All my life I've struggled to find stability in relationships. I've gone from one relationship to the other. And when each one ends, I've had to begin from square one: moving, changing residence, etc.
I spent some three years single and extremely lonely. Then I fell in love with a guy and we spent two years together. Now that relationship has come to an end, due in large part to my increasingly rageful personality.
My behavior in this most recent relationship pains me greatly, because he was patient and loving. Of all the men I've been with, he most deserved my love. In a way, I feel that I've acted uncharacteristically harsh with him - even my sex drive vanished, something which had never happened before, even when I was fighting with a boyfriend all the time!!
I am feeling so sad and remorseful but also very terrified of my temper. I've been giving given serious thought to giving up love relationships altogether - they bring out the worst in me. Am I doomed?
Woah. I really admire you for writing this. It’s the kind of thing that is difficult to admit, so hardly anyone ever does. It makes me feel proud of you, like you’re some kind of stand-up chick.

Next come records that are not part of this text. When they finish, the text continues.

lemma covd_covd:
  assumes "\<And>q. Gam q b n differentiable at x" "\<And>q. \<eta> q differentiable at x"
    and "pd b (\<eta> n) differentiable at x"
  shows "covd Gam a (covd Gam b \<eta>) n x = pd a (pd b (\<eta> n)) x
     - (\<Sum>q\<in>UNIV. complex_of_real (Gam q b n x) * pd a (\<eta> q) x
                  + complex_of_real (pd a (Gam q b n) x) * \<eta> q x)
     - (\<Sum>p\<in>UNIV. complex_of_real (Gam p a n x) * covd Gam b \<eta> p x)"
proof -
  have "pd a (covd Gam b \<eta> n) x = pd a (pd b (\<eta> n)) x
      - pd a (\<lambda>y. \<Sum>q\<in>UNIV. complex_of_real (Gam q b n y) * \<eta> q y) x"
    unfolding covd_def using assms differentiable_of_real
    by (intro pd_diff) (auto intro!: differentiable_sum differentiable_mult)
  also have "pd a (\<lambda>y. \<Sum>q\<in>UNIV. complex_of_real (Gam q b n y) * \<eta> q y) x
     = (\<Sum>q\<in>UNIV. pd a (\<lambda>y. complex_of_real (Gam q b n y) * \<eta> q y) x)"
    using assms(1,2) differentiable_of_real
    by (intro pd_sum) (auto intro!: differentiable_mult)
  also have "\<dots> = (\<Sum>q\<in>UNIV. complex_of_real (Gam q b n x) * pd a (\<eta> q) x
                  + complex_of_real (pd a (Gam q b n) x) * \<eta> q x)"
  proof (rule sum.cong[OF refl])
    fix q
    have "(\<lambda>y. complex_of_real (Gam q b n y)) differentiable at x"
      using assms(1) by (rule differentiable_of_real)
    then show "pd a (\<lambda>y. complex_of_real (Gam q b n y) * \<eta> q y) x
      = complex_of_real (Gam q b n x) * pd a (\<eta> q) x + complex_of_real (pd a (Gam q b n) x) * \<eta> q x"
      using assms(1,2) by (simp add: pd_mult pd_of_real)
  qed
  finally show ?thesis by (simp add: covd_def[of Gam a "covd Gam b \<eta>"])
qed

lemma sum_mult_curv:
  assumes "\<And>a b c. Gam a b c differentiable at x"
  shows "(\<Sum>k\<in>UNIV. e k * curv Gam k n m j x)
    = (\<Sum>k\<in>UNIV. complex_of_real (pd m (Gam k j n) x) * e k)
      - (\<Sum>k\<in>UNIV. complex_of_real (pd j (Gam k m n) x) * e k)
      - (\<Sum>p\<in>UNIV. \<Sum>q\<in>UNIV. complex_of_real (Gam p m n x) * complex_of_real (Gam q j p x) * e q)
      + (\<Sum>p\<in>UNIV. \<Sum>q\<in>UNIV. complex_of_real (Gam p j n x) * complex_of_real (Gam q m p x) * e q)"
proof -
  define G where "G p a b = complex_of_real (Gam p a b x)" for p a b
  define dG where "dG i p a b = complex_of_real (pd i (Gam p a b) x)" for i p a b
  have summand: "e k * curv Gam k n m j x = dG m k j n * e k - dG j k m n * e k
      - (\<Sum>p\<in>UNIV. G p m n * G k j p * e k) + (\<Sum>p\<in>UNIV. G p j n * G k m p * e k)" for k
  proof -
    have "curv Gam k n m j x = dG m k j n - dG j k m n
        - (\<Sum>p\<in>UNIV. G p m n * G k j p) + (\<Sum>p\<in>UNIV. G p j n * G k m p)"
      unfolding curv_christoffel[where Gam = Gam and x = x, OF assms] G_def dG_def by simp
    then have "e k * curv Gam k n m j x = e k * dG m k j n - e k * dG j k m n
        - e k * (\<Sum>p\<in>UNIV. G p m n * G k j p) + e k * (\<Sum>p\<in>UNIV. G p j n * G k m p)"
      by (simp only: ring_distribs)
    then show ?thesis by (simp add: sum_distrib_left mult_ac)
  qed
  have swap: "(\<Sum>k\<in>UNIV. \<Sum>p\<in>UNIV. G p a b * G k c p * e k)
      = (\<Sum>p\<in>UNIV. \<Sum>q\<in>UNIV. G p a b * G q c p * e q)" for a b c
    by (rule sum.swap)
  have "(\<Sum>k\<in>UNIV. e k * curv Gam k n m j x) = (\<Sum>k\<in>UNIV. dG m k j n * e k)
      - (\<Sum>k\<in>UNIV. dG j k m n * e k) - (\<Sum>p\<in>UNIV. \<Sum>q\<in>UNIV. G p m n * G q j p * e q)
      + (\<Sum>p\<in>UNIV. \<Sum>q\<in>UNIV. G p j n * G q m p * e q)"
    unfolding summand sum.distrib sum_subtractf swap ..
  then show ?thesis unfolding G_def dG_def .
qed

However, you need to get your ass in gear, or else. Or else, it’s going to be exactly as you fear. Because you’re too old for this shit, okay? You’re going on forty! Your acting-out days are done. Finished! Fini! And this is not me talking. This is what you need to be telling yourself. My job is to help you and I’ll try.
Number one, you need an outlet for your physical energy. See, I don’t think you have a "rageful personality." What you have is tremendous energy and it’s your job to manage it. I don’t care what you do. Kickboxing is an obvious choice, but don’t fuck around. You need to do this three times a week at least, and five or seven would be much, much better. Twice a day, if you have to.